Agua cristalina, ya quisieran los limeños tener un río así....


----------



## Skypiura (May 5, 2005)

Cabe recalcar los afluentes del río Piura, vienen de las Provincias Piuranas de Huancabamba y Morropon.


----------



## SKyPeru3 (May 3, 2020)

El centro de Piura.
Fotos: Pocho.


----------



## SKyPeru3 (May 3, 2020)

Vista del distrito de Castilla a la izquierda y del distrito de Piura a la derecha, se observa la represa en la parte inferior de la imagen.
Foto: Piura la ciudad del eterno calor.


----------



## Skypiura (May 5, 2005)

Esa panorámica es tomada del extremo norte de la ciudad a penas se puede ver el BCP, tierra viva , torres de la Upao, y los edificios de la Vice, Céntrika y Santa Ana no sé ven.

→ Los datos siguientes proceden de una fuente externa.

lemma admissible_snoc_sum_le:
  assumes ps: "admissible d ps" and d: "1 \<le> d"
  shows "(\<Sum>p\<in>{p \<in> pair_alphabet. admissible d (ps @ [p])}. seq_wt (ps @ [p]) * seq_pot d (ps @ [p]))
    \<le> seq_wt ps * seq_pot d ps"
proof (cases "d \<le> length ps")
  case True
  define q where "q = ps ! (length ps - d)"
  define R where "R = (\<Prod>p\<leftarrow>drop (Suc (length ps - d)) ps. pair_pot p)"
  have q: "q \<in> pair_alphabet"
    using ps True d unfolding admissible_def q_def by (auto intro: nth_mem)
  have "length ps - d < length ps"
    using True d by simp
  \<comment> \<open>the window of the potential loses the letter \<open>q\<close> that constrains \<open>p\<close> and gains \<open>p\<close>\<close>
  then have pot: "seq_pot d ps = pair_pot q * R"
    unfolding seq_pot_def R_def q_def by (simp add: Cons_nth_drop_Suc[symmetric])
  have pot_snoc: "seq_pot d (ps @ [p]) = R * pair_pot p" for p
    using True d unfolding seq_pot_def R_def by (simp add: Suc_diff_le)
  have "{p \<in> pair_alphabet. admissible d (ps @ [p])} = {p \<in> pair_alphabet. pair_step q p}"
    using admissible_snoc[OF d] ps True unfolding q_def by auto
  then have "(\<Sum>p\<in>{p \<in> pair_alphabet. admissible d (ps @ [p])}. seq_wt (ps @ [p]) * seq_pot d (ps @ [p]))
      = seq_wt ps * R * (\<Sum>p\<in>{p \<in> pair_alphabet. pair_step q p}. pair_wt p * pair_pot p)"
    by (simp add: sum_distrib_left seq_wt_snoc pot_snoc mult_ac)
  also have "\<dots> \<le> seq_wt ps * R * pair_pot q"
    using seq_wt_nonneg[of ps] prod_list_pair_pot_ge_1 pair_step_sum_le[OF q]
    unfolding R_def by (intro mult_left_mono mult_nonneg_nonneg) (auto intro: order_trans[OF zero_le_one])
  finally show ?thesis
    by (simp add: pot mult_ac)
next
  case False
  define first where "first = (\<lambda>p::nat \<times> nat. if Suc (length ps) < d then 2 \<le> fst p else fst p = 1)"
  have pot_snoc: "seq_pot d (ps @ [p]) = seq_pot d ps * pair_pot p" for p
    using False unfolding seq_pot_def by simp
  have "{p \<in> pair_alphabet. admissible d (ps @ [p])} = {p \<in> pair_alphabet. first p}"
    using admissible_snoc[OF d] ps False unfolding first_def by auto
  then have "(\<Sum>p\<in>{p \<in> pair_alphabet. admissible d (ps @ [p])}. seq_wt (ps @ [p]) * seq_pot d (ps @ [p]))
      = seq_wt ps * seq_pot d ps * (\<Sum>p\<in>{p \<in> pair_alphabet. first p}. pair_wt p * pair_pot p)"
    by (simp add: sum_distrib_left seq_wt_snoc pot_snoc mult_ac)
  also have "\<dots> \<le> seq_wt ps * seq_pot d ps * 1"
  proof (intro mult_left_mono)
    show "(\<Sum>p\<in>{p \<in> pair_alphabet. first p}. pair_wt p * pair_pot p) \<le> 1"
      using pair_fst_ge_2_sum_le pair_fst_eq_1_sum_le
      unfolding first_def by (cases "Suc (length ps) < d") simp_all
  qed (use seq_wt_nonneg[of ps] seq_pot_ge_1[of d ps] in simp)
  finally show ?thesis
    by simp
qed
(* Let $\Omega\subsetneq\mathbb{S}^m$ be a domain and $\rho\in C^1(\Omega)$ such that the metric $g=e^{2\rho}g_0$ is a complete Riemannian metric on $\Omega$ and $\sigma=e^{-\rho}$ is the restriction to $\Omega$ of a continuous function defined on $\overline{\Omega}$. Then the associated map $\phi:\Omega\to\mathbb{H}^{m+1}$ is proper.
   Context: $\mathbb{S}^m\subset\mathbb{R}^{m+1}$ is the unit sphere with round metric $g_0$; $\nabla$ and $|\cdot|$ denote gradient and norm with respect to $g_0$. Let $\mathbb{L}^{m+2}$ be $\mathbb{R}^{m+2}$ with $\langle\!\langle x,y\rangle\!\rangle=-x_0y_0+\sum_{i=1}^{m+1}x_iy_i$, and $\mathbb{H}^{m+1}=\{x:\langle\!\langle x,x\rangle\!\rangle=-1,\ x_0>0\}$. For $\rho\in C^1(\Omega)$ the associated map $\phi=\phi^\rho:\Omega\to\mathbb{H}^{m+1}$ is $$\phi(x)=\frac{e^{\rho(x)}}{2}\Big(1+e^{-2\rho(x)}\big(1+|\nabla\rho(x)|^2\big)\Big)(1,x)+e^{-\rho(x)}\big(0,-x+\nabla\rho(x)\big).$$ Proper means preimages of compact sets are compact. *)

theory Defs
  imports "HOL-Analysis.Analysis"
begin

text \<open>The unit sphere S^m is modelled as sphere 0 1 in a Euclidean space 'a
  of dimension m+1; Lorentz space L^{m+2} is modelled as real \<times> 'a,
  with first component x_0.\<close>

definition lorentz :: "real \<times> 'a::euclidean_space \<Rightarrow> real \<times> 'a \<Rightarrow> real" where
  "lorentz x y = - fst x * fst y + snd x \<bullet> snd y"

definition hyperbolic_space :: "(real \<times> 'a::euclidean_space) set" where
  "hyperbolic_space = {x. lorentz x x = -1 \<and> fst x > 0}"

definition sgrad :: "'a::euclidean_space set \<Rightarrow> ('a \<Rightarrow> real) \<Rightarrow> 'a \<Rightarrow> 'a" where
  "sgrad \<Omega> \<rho> x = (SOME v. v \<bullet> x = 0 \<and> (\<rho> has_derivative (\<lambda>h. v \<bullet> h)) (at x within \<Omega>))"

definition sphere_C1 :: "'a::euclidean_space set \<Rightarrow> ('a \<Rightarrow> real) \<Rightarrow> bool" where
  "sphere_C1 \<Omega> \<rho> \<longleftrightarrow>
     (\<forall>x\<in>\<Omega>. \<exists>v. v \<bullet> x = 0 \<and> (\<rho> has_derivative (\<lambda>h. v \<bullet> h)) (at x within \<Omega>))
     \<and> continuous_on \<Omega> (sgrad \<Omega> \<rho>)"

definition conf_length :: "('a::euclidean_space \<Rightarrow> real) \<Rightarrow> (real \<Rightarrow> 'a) \<Rightarrow> real" where
  "conf_length \<rho> \<gamma> = integral {0..1} (\<lambda>t. exp (\<rho> (\<gamma> t)) * norm (vector_derivative \<gamma> (at t)))"

definition conf_dist :: "'a::euclidean_space set \<Rightarrow> ('a \<Rightarrow> real) \<Rightarrow> 'a \<Rightarrow> 'a \<Rightarrow> real" where
  "conf_dist \<Omega> \<rho> x y = Inf {conf_length \<rho> \<gamma> | \<gamma>. valid_path \<gamma> \<and> path_image \<gamma> \<subseteq> \<Omega>
                                \<and> pathstart \<gamma> = x \<and> pathfinish \<gamma> = y}"

text \<open>Completeness of (Omega, g): every Cauchy sequence for the Riemannian distance
  converges to a point of Omega (the topology of g is the subspace topology).\<close>

definition conf_complete :: "'a::euclidean_space set \<Rightarrow> ('a \<Rightarrow> real) \<Rightarrow> bool" where
  "conf_complete \<Omega> \<rho> \<longleftrightarrow>
     (\<forall>X. (\<forall>n. X n \<in> \<Omega>) \<and> (\<forall>e>0. \<exists>N. \<forall>m\<ge>N. \<forall>n\<ge>N. conf_dist \<Omega> \<rho> (X m) (X n) < e)
          \<longrightarrow> (\<exists>x\<in>\<Omega>. X \<longlonglongrightarrow> x))"

definition assoc_map :: "'a::euclidean_space set \<Rightarrow> ('a \<Rightarrow> real) \<Rightarrow> 'a \<Rightarrow> real \<times> 'a" where
  "assoc_map \<Omega> \<rho> x =
     (let c = exp (\<rho> x) / 2 * (1 + exp (-2 * \<rho> x) * (1 + (norm (sgrad \<Omega> \<rho> x))\<^sup>2))
      in (c, c *\<^sub>R x + exp (- \<rho> x) *\<^sub>R (sgrad \<Omega> \<rho> x - x)))"

end

theory Submission
  imports Defs
begin

text \<open>Since \<open>e\<^sup>\<rho> \<le> 2 |\<phi>|\<close>, the continuous extension \<open>s\<close> of \<open>\<sigma> = e\<^sup>-\<^sup>\<rho>\<close> is bounded
  below on the preimage of a compact set; so properness follows once \<open>s\<close> vanishes on the
  boundary of \<open>\<Omega>\<close>, for then the preimage is closed in the sphere.

  Let \<open>q\<close> be a point of \<open>S\<^sup>m - \<Omega>\<close> nearest to some \<open>p \<in> \<Omega>\<close>. The open cap around \<open>p\<close>
  with \<open>q\<close> on its rim lies in \<open>\<Omega>\<close>, and it is convex in the sense that the radial projection
  of a chord joins any two of its points inside it. If \<open>s q > 0\<close>, then \<open>e\<^sup>\<rho>\<close> is bounded
  near \<open>q\<close>, so along these projected chords the \<open>g\<close>-distance is at most a constant times the
  Euclidean distance. A sequence in the cap converging to \<open>q\<close> is therefore \<open>g\<close>-Cauchy, and
  completeness would put \<open>q\<close> into \<open>\<Omega>\<close>. Hence \<open>s q = 0\<close>; such rim points approximate every
  boundary point, so \<open>s\<close> vanishes on the whole boundary.\<close>

lemma norm_diff_proj_unit_le:
  fixes e h :: "'a::real_inner"
  assumes "norm e = 1"
  shows "norm (h - (e \<bullet> h) *\<^sub>R e) \<le> norm h"
proof -
  have "e \<bullet> e = 1"
    using assms by (simp add: dot_square_norm)
  then have "(h - (e \<bullet> h) *\<^sub>R e) \<bullet> (h - (e \<bullet> h) *\<^sub>R e) = h \<bullet> h - (e \<bullet> h)\<^sup>2"
    by (simp add: inner_diff_left inner_diff_right inner_commute power2_eq_square)
  then show ?thesis
    by (simp add: norm_le)
qed

lemma norm_sgn_diff_le:
  fixes u q :: "'a::real_normed_vector"
  assumes "norm q = 1"
  shows "norm (sgn u - q) \<le> 2 * norm (u - q)"
proof (cases "u = 0")
  case True
  then show ?thesis using assms by simp
next
  case False
  have "norm (sgn u - u) = \<bar>1 - norm u\<bar>"
  proof -
    have "sgn u - u = (inverse (norm u) - 1) *\<^sub>R u"
      by (simp add: sgn_div_norm algebra_simps)
    then have "norm (sgn u - u) = \<bar>(inverse (norm u) - 1) * norm u\<bar>"
      by (simp add: abs_mult)
    also have "(inverse (norm u) - 1) * norm u = 1 - norm u"
      using False by (simp add: field_simps)
    finally show ?thesis .
  qed
  also have "\<dots> \<le> norm (u - q)"
    using norm_triangle_ineq3[of u q] assms by (simp add: abs_minus_commute)
  finally show ?thesis
    using norm_triangle_ineq[of "sgn u - u" "u - q"] by simp
qed
(* Consider a market with $n$ buyers, $m$ items and $T$ time periods. Item $j$ has per-period supply $s_j^t\ge 0$ for each $t=1,\dots,T$ and overall supply $s_j\ge 0$. Buyer $i$ has budget $B_i\ge 0$, valuations $v_{ij}\ge 0$, and demands $d_i^t\ge 0$ with total demand $d_i=\sum_t d_i^t$. An allocation is $x=(x_{ij}^t)\ge 0$, and buyer $i$'s utility is $u_i=\sum_j v_{ij}\big(\sum_t x_{ij}^t\big)-d_i$. Assume there is a feasible allocation (for the constraints below) with $u_i>0$ for all $i$. Let $x$ be an optimal solution of $$\max_{x\ge 0}\sum_i B_i\log\Big(\sum_j v_{ij}\sum_t x_{ij}^t-d_i\Big)\ \ \text{s.t.}\ \ \sum_i x_{ij}^t\le s_j^t\ \forall j,t;\qquad \sum_{t,i}x_{ij}^t\le s_j\ \forall j,$$ and let $\lambda_j^t\ge 0$ and $\lambda_j\ge 0$ be optimal dual variables of the per-period and overall supply constraints respectively (satisfying the KKT conditions with $x$). Define prices $p_j^t=\lambda_j^t+\lambda_j$. Then for every buyer $i$, $$\sum_{t,j}x_{ij}^t p_j^t=B_i\Big(1+\frac{d_i}{u_i}\Big).$$ *)

theory Defs
  imports Complex_Main
begin

text \<open>Allocation x i j t = x_ij^t, per-period supply st j t = s_j^t, overall supply s j = s_j,
 budget B i, valuation v i j, per-period demand dt i t = d_i^t.\<close>

definition total_demand :: "nat \<Rightarrow> (nat \<Rightarrow> nat \<Rightarrow> real) \<Rightarrow> nat \<Rightarrow> real" where
  "total_demand T dt i = (\<Sum>t<T. dt i t)"

definition utility :: "nat \<Rightarrow> nat \<Rightarrow> (nat \<Rightarrow> nat \<Rightarrow> real) \<Rightarrow> (nat \<Rightarrow> nat \<Rightarrow> real)
    \<Rightarrow> (nat \<Rightarrow> nat \<Rightarrow> nat \<Rightarrow> real) \<Rightarrow> nat \<Rightarrow> real" where
  "utility m T v dt x i = (\<Sum>j<m. v i j * (\<Sum>t<T. x i j t)) - total_demand T dt i"

definition feasible :: "nat \<Rightarrow> nat \<Rightarrow> nat \<Rightarrow> (nat \<Rightarrow> nat \<Rightarrow> real) \<Rightarrow> (nat \<Rightarrow> real)
    \<Rightarrow> (nat \<Rightarrow> nat \<Rightarrow> nat \<Rightarrow> real) \<Rightarrow> bool" where
  "feasible n m T st s x \<longleftrightarrow>
     (\<forall>i<n. \<forall>j<m. \<forall>t<T. x i j t \<ge> 0) \<and>
     (\<forall>j<m. \<forall>t<T. (\<Sum>i<n. x i j t) \<le> st j t) \<and>
     (\<forall>j<m. (\<Sum>t<T. \<Sum>i<n. x i j t) \<le> s j)"

definition objective :: "nat \<Rightarrow> nat \<Rightarrow> nat \<Rightarrow> (nat \<Rightarrow> real) \<Rightarrow> (nat \<Rightarrow> nat \<Rightarrow> real)
    \<Rightarrow> (nat \<Rightarrow> nat \<Rightarrow> real) \<Rightarrow> (nat \<Rightarrow> nat \<Rightarrow> nat \<Rightarrow> real) \<Rightarrow> real" where
  "objective n m T B v dt x = (\<Sum>i<n. B i * ln (utility m T v dt x i))"

definition optimal :: "nat \<Rightarrow> nat \<Rightarrow> nat \<Rightarrow> (nat \<Rightarrow> real) \<Rightarrow> (nat \<Rightarrow> nat \<Rightarrow> real)
    \<Rightarrow> (nat \<Rightarrow> nat \<Rightarrow> real) \<Rightarrow> (nat \<Rightarrow> nat \<Rightarrow> real) \<Rightarrow> (nat \<Rightarrow> real)
    \<Rightarrow> (nat \<Rightarrow> nat \<Rightarrow> nat \<Rightarrow> real) \<Rightarrow> bool" where
  "optimal n m T B v dt st s x \<longleftrightarrow>
     feasible n m T st s x \<and> (\<forall>i<n. utility m T v dt x i > 0) \<and>
     (\<forall>y. feasible n m T st s y \<and> (\<forall>i<n. utility m T v dt y i > 0) \<longrightarrow>
          objective n m T B v dt y \<le> objective n m T B v dt x)"

text \<open>KKT conditions for the problem with multipliers lt j t (= lambda_j^t) for the per-period
  supply constraints and l j (= lambda_j) for the overall supply constraints:
  dual feasibility, stationarity of the Lagrangian w.r.t. x \<ge> 0 (gradient of the objective
  in x_ij^t is B_i v_ij / u_i), and complementary slackness.\<close>
definition KKT :: "nat \<Rightarrow> nat \<Rightarrow> nat \<Rightarrow> (nat \<Rightarrow> real) \<Rightarrow> (nat \<Rightarrow> nat \<Rightarrow> real)
    \<Rightarrow> (nat \<Rightarrow> nat \<Rightarrow> real) \<Rightarrow> (nat \<Rightarrow> nat \<Rightarrow> real) \<Rightarrow> (nat \<Rightarrow> real)
    \<Rightarrow> (nat \<Rightarrow> nat \<Rightarrow> nat \<Rightarrow> real) \<Rightarrow> (nat \<Rightarrow> nat \<Rightarrow> real) \<Rightarrow> (nat \<Rightarrow> real) \<Rightarrow> bool" where
  "KKT n m T B v dt st s x lt l \<longleftrightarrow>
     feasible n m T st s x \<and> (\<forall>i<n. utility m T v dt x i > 0) \<and>
     (\<forall>j<m. \<forall>t<T. lt j t \<ge> 0) \<and> (\<forall>j<m. l j \<ge> 0) \<and>
     (\<forall>i<n. \<forall>j<m. \<forall>t<T.
        B i * v i j / utility m T v dt x i - lt j t - l j \<le> 0 \<and>
        x i j t * (B i * v i j / utility m T v dt x i - lt j t - l j) = 0) \<and>
     (\<forall>j<m. \<forall>t<T. lt j t * (st j t - (\<Sum>i<n. x i j t)) = 0) \<and>
     (\<forall>j<m. l j * (s j - (\<Sum>t<T. \<Sum>i<n. x i j t)) = 0)"

end

theory Submission
  imports Defs
begin

text \<open>Stationarity together with complementary slackness says that every good that buyer i
  buys in period t is priced at its marginal utility: p_j^t = B_i v_ij / u_i whenever
  x_ij^t > 0. Hence buyer i spends (B_i / u_i) sum_j v_ij sum_t x_ij^t = (B_i / u_i) (u_i + d_i).\<close>

lemma spending_eq_if_complementary_slackness:
  fixes x p :: "nat \<Rightarrow> nat \<Rightarrow> 'a :: comm_ring"
  assumes "\<And>j t. j < m \<Longrightarrow> t < T \<Longrightarrow> x j t * (c * v j - p j t) = 0"
  shows "(\<Sum>t<T. \<Sum>j<m. x j t * p j t) = c * (\<Sum>j<m. v j * (\<Sum>t<T. x j t))"
proof -
  have spend: "x j t * p j t = c * (v j * x j t)" if "j < m" "t < T" for j t
    using assms[OF that] by (auto simp: algebra_simps)
  have "(\<Sum>t<T. \<Sum>j<m. x j t * p j t) = (\<Sum>t<T. \<Sum>j<m. c * (v j * x j t))"
    by (intro sum.cong refl) (simp add: spend)
  also have "\<dots> = c * (\<Sum>j<m. v j * (\<Sum>t<T. x j t))"
    by (simp add: sum.swap[of _ "{..<T}"] sum_distrib_left)
  finally show ?thesis .
qed

lemma KKT_utility_pos:
  assumes "KKT n m T B v dt st s x lt l" "i < n"
  shows "utility m T v dt x i > 0"
  using assms unfolding KKT_def by blast

lemma KKT_complementary_slackness:
  assumes "KKT n m T B v dt st s x lt l" "i < n" "j < m" "t < T"
  shows "x i j t * (B i / utility m T v dt x i * v i j - (lt j t + l j)) = 0"
proof -
  have "x i j t * (B i * v i j / utility m T v dt x i - lt j t - l j) = 0"
    using assms unfolding KKT_def by blast
  then show ?thesis by (simp add: algebra_simps)
qed

theorem lemma2:
  fixes n m T :: nat
    and B :: "nat \<Rightarrow> real" and v :: "nat \<Rightarrow> nat \<Rightarrow> real" and dt :: "nat \<Rightarrow> nat \<Rightarrow> real"
    and st :: "nat \<Rightarrow> nat \<Rightarrow> real" and s :: "nat \<Rightarrow> real"
    and x :: "nat \<Rightarrow> nat \<Rightarrow> nat \<Rightarrow> real" and lt :: "nat \<Rightarrow> nat \<Rightarrow> real" and l :: "nat \<Rightarrow> real"
  assumes st_nn: "\<forall>j<m. \<forall>t<T. st j t \<ge> 0"
    and s_nn: "\<forall>j<m. s j \<ge> 0"
    and B_nn: "\<forall>i<n. B i \<ge> 0"
    and v_nn: "\<forall>i<n. \<forall>j<m. v i j \<ge> 0"
    and dt_nn: "\<forall>i<n. \<forall>t<T. dt i t \<ge> 0"
    and slater: "\<exists>y. feasible n m T st s y \<and> (\<forall>i<n. utility m T v dt y i > 0)"
    and opt: "optimal n m T B v dt st s x"
    and kkt: "KKT n m T B v dt st s x lt l"
  shows "\<forall>i<n. (\<Sum>t<T. \<Sum>j<m. x i j t * (lt j t + l j))
           = B i * (1 + total_demand T dt i / utility m T v dt x i)"
proof (intro allI impI)
  fix i assume i: "i < n"
  define u where "u = utility m T v dt x i"
  have "u > 0"
    unfolding u_def using KKT_utility_pos[OF kkt i] .
  have "(\<Sum>t<T. \<Sum>j<m. x i j t * (lt j t + l j)) = B i / u * (\<Sum>j<m. v i j * (\<Sum>t<T. x i j t))"
    unfolding u_def
    by (rule spending_eq_if_complementary_slackness) (rule KKT_complementary_slackness[OF kkt i])
  also have "\<dots> = B i / u * (u + total_demand T dt i)"
    unfolding u_def utility_def by simp
  also have "\<dots> = B i * (1 + total_demand T dt i / u)"
    using \<open>u > 0\<close> by (simp add: field_simps)
  finally show "(\<Sum>t<T. \<Sum>j<m. x i j t * (lt j t + l j))
      = B i * (1 + total_demand T dt i / utility m T v dt x i)"
    unfolding u_def .
qed

end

Según esa panorámica el cacerío Miraflores ya fue absorbido por el distrito Castellano porque a la espalda de ese cacerío hay nuevas urbanizaciones que no salen en la panorámica.


----------



## jorgelff (Mar 11, 2019)

Real plaza y sus alrededores, se puede observar la nueva sede UTP y el terreno para sus futuras ampliaciones.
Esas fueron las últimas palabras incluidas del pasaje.